The Toyota Way at XP Days France (update)

The Toyota Way

Toyota WayLast March I did a presentation about the Toyota Way at XP Day France in Paris.

Jacques Couvreur was there and now he has written an interesting article (in French) about the parallels and differences he sees between the Toyota Way and Extreme Programming. The main differences he sees are in the practice of Hansei (reflection) and the fact that the Toyota Way explicitly defines how people and teams work together, throughout the whole organisation.

Indeed, retrospectives weren’t an “official” part of XP v1, but all agile teams I know of, have incorporated some form of reflection and process improvement in their process. XP is intended specifically for the development team; all interactions with the outside world go through the mythical customer, whose job definition is left as an excercise for the student.

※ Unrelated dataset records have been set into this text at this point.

definition is_canonical_gradient :: "(real^'m) measure \<Rightarrow> (real^'m \<Rightarrow> real) \<Rightarrow> (real \<Rightarrow> real)
    \<Rightarrow> (real \<Rightarrow> real) \<Rightarrow> (real \<Rightarrow> real) \<Rightarrow> ((real^'m) \<times> bool \<times> real \<Rightarrow> real) \<Rightarrow> bool" where
  "is_canonical_gradient G \<pi> f l h0 g \<longleftrightarrow>
     L2 (joint_law G \<pi> f) g
   \<and> (\<forall>e>0. \<exists>\<gamma>\<in>tangent_index G \<pi> f. L2 (joint_law G \<pi> f) (d_score l \<pi> \<gamma>) \<and>
          (\<integral>\<omega>. (g \<omega> - d_score l \<pi> \<gamma> \<omega>)^2 \<partial>joint_law G \<pi> f) < e)
   \<and> (\<forall>\<gamma>\<in>tangent_index G \<pi> f.
          (\<integral>\<omega>. h0 (snd (snd \<omega>)) * fst (snd \<gamma>) (snd (snd \<omega>)) \<partial>joint_law G \<pi> f)
        = (\<integral>\<omega>. g \<omega> * d_score l \<pi> \<gamma> \<omega> \<partial>joint_law G \<pi> f))"

definition err_var :: "(real \<Rightarrow> real) \<Rightarrow> real" where
  "err_var f = (\<integral>z. z^2 \<partial>err_dist f)"

definition h0_of :: "(real \<Rightarrow> real) \<Rightarrow> (real \<Rightarrow> real) \<Rightarrow> real \<Rightarrow> real" where
  "h0_of f h z = h z - (\<integral>e. h e \<partial>err_dist f) - z / err_var f * (\<integral>e. e * h e \<partial>err_dist f)"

I particularly like the way Jacques starts the article with some nice, big, hard numbers about Toyota’s business. He ends with the rethorical question “which IT company would like to be as successful as Toyota?”. Jacques follows the advice Charlie Poole gave in his keynote at XP Day France: if you want to talk to deciders, talk their language. Money talks.


Pictures of XP Day FranceAlexandre Betis has published some pictures he took at XP Day France. Some great pictures of Charlie Poole telling his story, all the while the same slide up on the screen with one word: “Extrême”. Charlie has been watching Presentation Zen.

You can see me presenting with a laptop on a chair, the chair on the table. Near the end of the presentation, electricity fell away. No more beamer. The audience self-organized: they put the laptop on a chair and rearranged themselves to sit closer to the small screen.

Luckily, I used a “Takahashi” style presentation with really large fonts. Since that day, I’ve made the fonts even larger, as large as I could make them. Even if the laptop had gone too, I could still have continued to tell my story. I just had to “call an audible“. We did just that shortly after this image, the last 35 minutes. A nice talk with the audience about the parallels between Lean, agile, martial arts and our experiences applying these ideas. I enjoyed myself and learned something new; I hope the other people in the room did too.